▸ What is being asked
Look through the data below. Pick out the lines holding the string "closure".

---

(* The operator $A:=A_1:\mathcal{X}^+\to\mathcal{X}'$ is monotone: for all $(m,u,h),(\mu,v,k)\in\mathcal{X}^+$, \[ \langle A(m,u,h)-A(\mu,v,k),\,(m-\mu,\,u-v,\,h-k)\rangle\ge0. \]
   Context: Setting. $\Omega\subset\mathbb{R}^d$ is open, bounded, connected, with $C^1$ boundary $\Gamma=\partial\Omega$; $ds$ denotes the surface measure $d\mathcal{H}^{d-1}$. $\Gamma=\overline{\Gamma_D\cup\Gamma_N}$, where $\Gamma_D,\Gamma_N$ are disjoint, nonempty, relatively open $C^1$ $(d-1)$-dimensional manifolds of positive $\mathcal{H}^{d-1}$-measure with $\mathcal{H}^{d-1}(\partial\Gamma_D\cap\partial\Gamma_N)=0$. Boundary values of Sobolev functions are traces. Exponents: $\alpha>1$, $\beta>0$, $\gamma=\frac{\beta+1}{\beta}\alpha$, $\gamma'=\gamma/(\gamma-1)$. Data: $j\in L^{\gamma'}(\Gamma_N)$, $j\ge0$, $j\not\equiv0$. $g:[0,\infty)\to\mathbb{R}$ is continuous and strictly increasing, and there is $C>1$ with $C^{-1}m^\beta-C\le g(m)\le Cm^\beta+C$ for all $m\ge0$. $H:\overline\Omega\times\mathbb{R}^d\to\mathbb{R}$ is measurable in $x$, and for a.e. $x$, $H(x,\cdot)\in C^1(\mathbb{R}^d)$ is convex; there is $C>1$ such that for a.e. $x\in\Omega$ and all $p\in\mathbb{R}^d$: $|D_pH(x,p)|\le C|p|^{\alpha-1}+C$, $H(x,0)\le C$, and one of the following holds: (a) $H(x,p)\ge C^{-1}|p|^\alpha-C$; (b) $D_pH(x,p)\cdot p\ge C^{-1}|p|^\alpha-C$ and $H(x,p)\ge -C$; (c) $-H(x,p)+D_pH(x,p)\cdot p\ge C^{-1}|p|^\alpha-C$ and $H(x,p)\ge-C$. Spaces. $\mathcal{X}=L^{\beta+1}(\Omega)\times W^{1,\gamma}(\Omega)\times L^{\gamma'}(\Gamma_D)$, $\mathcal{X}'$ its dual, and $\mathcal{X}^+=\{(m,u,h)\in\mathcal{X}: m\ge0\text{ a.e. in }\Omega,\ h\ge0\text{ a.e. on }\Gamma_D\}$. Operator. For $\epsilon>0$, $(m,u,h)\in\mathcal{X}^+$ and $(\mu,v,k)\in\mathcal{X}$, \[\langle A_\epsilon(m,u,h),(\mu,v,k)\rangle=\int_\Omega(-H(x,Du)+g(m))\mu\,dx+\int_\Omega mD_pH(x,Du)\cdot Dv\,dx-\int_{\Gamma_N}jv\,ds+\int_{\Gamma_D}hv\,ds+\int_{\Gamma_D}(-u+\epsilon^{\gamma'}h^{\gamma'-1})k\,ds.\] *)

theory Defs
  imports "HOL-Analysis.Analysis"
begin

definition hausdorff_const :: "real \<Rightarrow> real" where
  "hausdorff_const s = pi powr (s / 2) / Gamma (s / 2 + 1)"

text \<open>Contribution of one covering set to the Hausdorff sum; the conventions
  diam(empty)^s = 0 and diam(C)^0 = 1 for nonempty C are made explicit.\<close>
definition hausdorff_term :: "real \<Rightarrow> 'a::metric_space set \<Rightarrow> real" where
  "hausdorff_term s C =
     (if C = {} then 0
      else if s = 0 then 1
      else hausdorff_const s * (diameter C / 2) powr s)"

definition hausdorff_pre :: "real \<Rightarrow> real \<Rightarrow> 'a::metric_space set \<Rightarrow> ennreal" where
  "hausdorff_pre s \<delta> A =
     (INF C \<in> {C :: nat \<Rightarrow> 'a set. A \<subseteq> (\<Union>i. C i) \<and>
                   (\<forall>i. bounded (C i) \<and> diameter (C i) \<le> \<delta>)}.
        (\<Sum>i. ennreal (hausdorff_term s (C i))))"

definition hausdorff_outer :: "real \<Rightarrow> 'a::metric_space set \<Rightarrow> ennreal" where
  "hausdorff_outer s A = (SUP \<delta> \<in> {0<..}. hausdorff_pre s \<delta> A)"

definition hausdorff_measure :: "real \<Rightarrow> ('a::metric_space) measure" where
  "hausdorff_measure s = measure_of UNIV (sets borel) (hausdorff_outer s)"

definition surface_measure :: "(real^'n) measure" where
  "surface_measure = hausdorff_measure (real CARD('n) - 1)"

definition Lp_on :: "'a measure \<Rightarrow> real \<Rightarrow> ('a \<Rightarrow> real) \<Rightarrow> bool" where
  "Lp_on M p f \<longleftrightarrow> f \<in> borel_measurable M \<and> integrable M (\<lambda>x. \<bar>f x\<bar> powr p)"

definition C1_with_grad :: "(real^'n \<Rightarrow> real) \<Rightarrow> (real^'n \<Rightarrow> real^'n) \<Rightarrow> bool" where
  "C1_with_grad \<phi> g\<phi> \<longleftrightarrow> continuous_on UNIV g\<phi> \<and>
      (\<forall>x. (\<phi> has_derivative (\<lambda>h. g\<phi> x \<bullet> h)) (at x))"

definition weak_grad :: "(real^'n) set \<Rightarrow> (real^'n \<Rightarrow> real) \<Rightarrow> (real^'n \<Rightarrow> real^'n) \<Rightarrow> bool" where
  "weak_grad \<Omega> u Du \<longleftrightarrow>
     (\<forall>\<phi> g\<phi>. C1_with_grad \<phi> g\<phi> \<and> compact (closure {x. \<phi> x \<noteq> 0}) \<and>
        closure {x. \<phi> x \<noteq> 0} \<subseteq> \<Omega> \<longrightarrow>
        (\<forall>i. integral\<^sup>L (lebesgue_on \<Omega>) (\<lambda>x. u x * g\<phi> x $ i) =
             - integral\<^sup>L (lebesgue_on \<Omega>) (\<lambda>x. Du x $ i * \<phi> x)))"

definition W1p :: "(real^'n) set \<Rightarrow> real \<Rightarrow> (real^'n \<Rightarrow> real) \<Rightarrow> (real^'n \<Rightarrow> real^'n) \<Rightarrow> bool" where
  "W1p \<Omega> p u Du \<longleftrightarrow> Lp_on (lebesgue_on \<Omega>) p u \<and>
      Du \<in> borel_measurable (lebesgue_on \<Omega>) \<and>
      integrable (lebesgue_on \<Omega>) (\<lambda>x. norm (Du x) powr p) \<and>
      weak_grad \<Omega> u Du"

---

▸ Written solution
     (\<forall>\<phi> g\<phi>. C1_with_grad \<phi> g\<phi> \<and> compact (closure {x. \<phi> x \<noteq> 0}) \<and>
        closure {x. \<phi> x \<noteq> 0} \<subseteq> \<Omega> \<longrightarrow>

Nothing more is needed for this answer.